● REQUIRED WORK:
Please transcribe every entry below exactly as written.

● Saved data entries:

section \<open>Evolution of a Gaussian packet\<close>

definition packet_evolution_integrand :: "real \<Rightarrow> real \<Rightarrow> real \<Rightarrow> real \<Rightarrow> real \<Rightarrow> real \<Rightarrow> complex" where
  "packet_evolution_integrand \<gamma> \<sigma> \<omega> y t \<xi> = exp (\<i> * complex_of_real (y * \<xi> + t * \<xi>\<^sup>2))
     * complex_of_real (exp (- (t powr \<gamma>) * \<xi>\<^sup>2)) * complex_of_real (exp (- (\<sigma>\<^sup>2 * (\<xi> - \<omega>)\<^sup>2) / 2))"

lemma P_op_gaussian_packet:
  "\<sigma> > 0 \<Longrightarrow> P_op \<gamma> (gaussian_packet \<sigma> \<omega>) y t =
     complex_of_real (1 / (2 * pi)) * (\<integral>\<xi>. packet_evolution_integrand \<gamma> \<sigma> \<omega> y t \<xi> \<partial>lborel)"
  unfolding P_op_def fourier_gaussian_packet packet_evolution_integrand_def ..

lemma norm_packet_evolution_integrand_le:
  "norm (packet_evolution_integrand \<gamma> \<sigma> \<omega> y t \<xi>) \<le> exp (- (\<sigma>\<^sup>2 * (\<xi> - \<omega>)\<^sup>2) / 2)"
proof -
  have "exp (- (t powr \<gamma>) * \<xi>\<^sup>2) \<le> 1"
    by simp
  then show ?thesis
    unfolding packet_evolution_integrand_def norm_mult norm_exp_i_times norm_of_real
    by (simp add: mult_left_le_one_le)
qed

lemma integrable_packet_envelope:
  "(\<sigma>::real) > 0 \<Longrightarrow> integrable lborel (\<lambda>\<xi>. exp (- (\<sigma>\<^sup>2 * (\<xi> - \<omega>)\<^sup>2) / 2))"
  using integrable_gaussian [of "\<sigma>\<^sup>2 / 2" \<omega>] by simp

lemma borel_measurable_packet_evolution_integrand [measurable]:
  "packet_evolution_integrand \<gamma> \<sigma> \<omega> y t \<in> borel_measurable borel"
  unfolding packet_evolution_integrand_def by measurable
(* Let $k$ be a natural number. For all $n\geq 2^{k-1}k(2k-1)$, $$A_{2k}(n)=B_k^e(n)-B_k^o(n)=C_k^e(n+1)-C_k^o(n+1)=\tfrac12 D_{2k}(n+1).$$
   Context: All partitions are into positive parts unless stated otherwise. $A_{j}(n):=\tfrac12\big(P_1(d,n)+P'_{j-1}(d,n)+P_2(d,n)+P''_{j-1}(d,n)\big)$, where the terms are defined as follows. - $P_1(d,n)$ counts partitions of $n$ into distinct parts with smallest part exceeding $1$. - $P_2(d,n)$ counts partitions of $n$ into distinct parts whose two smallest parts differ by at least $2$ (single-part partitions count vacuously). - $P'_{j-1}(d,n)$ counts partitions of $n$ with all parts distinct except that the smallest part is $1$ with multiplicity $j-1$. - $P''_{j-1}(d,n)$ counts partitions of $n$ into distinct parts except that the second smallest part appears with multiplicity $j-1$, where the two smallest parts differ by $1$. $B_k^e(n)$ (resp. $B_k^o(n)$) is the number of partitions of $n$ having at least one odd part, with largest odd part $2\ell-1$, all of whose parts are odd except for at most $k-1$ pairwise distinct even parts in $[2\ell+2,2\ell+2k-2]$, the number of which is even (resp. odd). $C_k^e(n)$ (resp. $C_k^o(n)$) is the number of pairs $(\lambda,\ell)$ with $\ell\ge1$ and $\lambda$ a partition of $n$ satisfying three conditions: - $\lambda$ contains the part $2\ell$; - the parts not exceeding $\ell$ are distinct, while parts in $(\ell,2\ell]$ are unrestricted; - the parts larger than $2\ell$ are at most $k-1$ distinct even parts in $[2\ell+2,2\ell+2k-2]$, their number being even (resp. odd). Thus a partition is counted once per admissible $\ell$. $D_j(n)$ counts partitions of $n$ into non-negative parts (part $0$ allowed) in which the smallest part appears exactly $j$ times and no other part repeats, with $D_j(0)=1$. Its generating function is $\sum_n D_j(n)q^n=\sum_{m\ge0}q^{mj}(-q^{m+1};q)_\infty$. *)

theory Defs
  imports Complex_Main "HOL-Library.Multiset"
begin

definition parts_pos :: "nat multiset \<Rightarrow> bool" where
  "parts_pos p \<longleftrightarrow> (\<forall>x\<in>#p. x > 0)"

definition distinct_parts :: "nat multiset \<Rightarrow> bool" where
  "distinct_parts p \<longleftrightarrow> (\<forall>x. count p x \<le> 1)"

● ANSWER TO THIS TASK:
section \<open>Evolution of a Gaussian packet\<close>

definition packet_evolution_integrand :: "real \<Rightarrow> real \<Rightarrow> real \<Rightarrow> real \<Rightarrow> real \<Rightarrow> real \<Rightarrow> complex" where
  "packet_evolution_integrand \<gamma> \<sigma> \<omega> y t \<xi> = exp (\<i> * complex_of_real (y * \<xi> + t * \<xi>\<^sup>2))
     * complex_of_real (exp (- (t powr \<gamma>) * \<xi>\<^sup>2)) * complex_of_real (exp (- (\<sigma>\<^sup>2 * (\<xi> - \<omega>)\<^sup>2) / 2))"

lemma P_op_gaussian_packet:
  "\<sigma> > 0 \<Longrightarrow> P_op \<gamma> (gaussian_packet \<sigma> \<omega>) y t =
     complex_of_real (1 / (2 * pi)) * (\<integral>\<xi>. packet_evolution_integrand \<gamma> \<sigma> \<omega> y t \<xi> \<partial>lborel)"
  unfolding P_op_def fourier_gaussian_packet packet_evolution_integrand_def ..

lemma norm_packet_evolution_integrand_le:
  "norm (packet_evolution_integrand \<gamma> \<sigma> \<omega> y t \<xi>) \<le> exp (- (\<sigma>\<^sup>2 * (\<xi> - \<omega>)\<^sup>2) / 2)"
proof -
  have "exp (- (t powr \<gamma>) * \<xi>\<^sup>2) \<le> 1"
    by simp
  then show ?thesis
    unfolding packet_evolution_integrand_def norm_mult norm_exp_i_times norm_of_real
    by (simp add: mult_left_le_one_le)
qed

lemma integrable_packet_envelope:
  "(\<sigma>::real) > 0 \<Longrightarrow> integrable lborel (\<lambda>\<xi>. exp (- (\<sigma>\<^sup>2 * (\<xi> - \<omega>)\<^sup>2) / 2))"
  using integrable_gaussian [of "\<sigma>\<^sup>2 / 2" \<omega>] by simp

lemma borel_measurable_packet_evolution_integrand [measurable]:
  "packet_evolution_integrand \<gamma> \<sigma> \<omega> y t \<in> borel_measurable borel"
  unfolding packet_evolution_integrand_def by measurable
(* Let $k$ be a natural number. For all $n\geq 2^{k-1}k(2k-1)$, $$A_{2k}(n)=B_k^e(n)-B_k^o(n)=C_k^e(n+1)-C_k^o(n+1)=\tfrac12 D_{2k}(n+1).$$
   Context: All partitions are into positive parts unless stated otherwise. $A_{j}(n):=\tfrac12\big(P_1(d,n)+P'_{j-1}(d,n)+P_2(d,n)+P''_{j-1}(d,n)\big)$, where the terms are defined as follows. - $P_1(d,n)$ counts partitions of $n$ into distinct parts with smallest part exceeding $1$. - $P_2(d,n)$ counts partitions of $n$ into distinct parts whose two smallest parts differ by at least $2$ (single-part partitions count vacuously). - $P'_{j-1}(d,n)$ counts partitions of $n$ with all parts distinct except that the smallest part is $1$ with multiplicity $j-1$. - $P''_{j-1}(d,n)$ counts partitions of $n$ into distinct parts except that the second smallest part appears with multiplicity $j-1$, where the two smallest parts differ by $1$. $B_k^e(n)$ (resp. $B_k^o(n)$) is the number of partitions of $n$ having at least one odd part, with largest odd part $2\ell-1$, all of whose parts are odd except for at most $k-1$ pairwise distinct even parts in $[2\ell+2,2\ell+2k-2]$, the number of which is even (resp. odd). $C_k^e(n)$ (resp. $C_k^o(n)$) is the number of pairs $(\lambda,\ell)$ with $\ell\ge1$ and $\lambda$ a partition of $n$ satisfying three conditions: - $\lambda$ contains the part $2\ell$; - the parts not exceeding $\ell$ are distinct, while parts in $(\ell,2\ell]$ are unrestricted; - the parts larger than $2\ell$ are at most $k-1$ distinct even parts in $[2\ell+2,2\ell+2k-2]$, their number being even (resp. odd). Thus a partition is counted once per admissible $\ell$. $D_j(n)$ counts partitions of $n$ into non-negative parts (part $0$ allowed) in which the smallest part appears exactly $j$ times and no other part repeats, with $D_j(0)=1$. Its generating function is $\sum_n D_j(n)q^n=\sum_{m\ge0}q^{mj}(-q^{m+1};q)_\infty$. *)

theory Defs
  imports Complex_Main "HOL-Library.Multiset"
begin

definition parts_pos :: "nat multiset \<Rightarrow> bool" where
  "parts_pos p \<longleftrightarrow> (\<forall>x\<in>#p. x > 0)"

definition distinct_parts :: "nat multiset \<Rightarrow> bool" where
  "distinct_parts p \<longleftrightarrow> (\<forall>x. count p x \<le> 1)"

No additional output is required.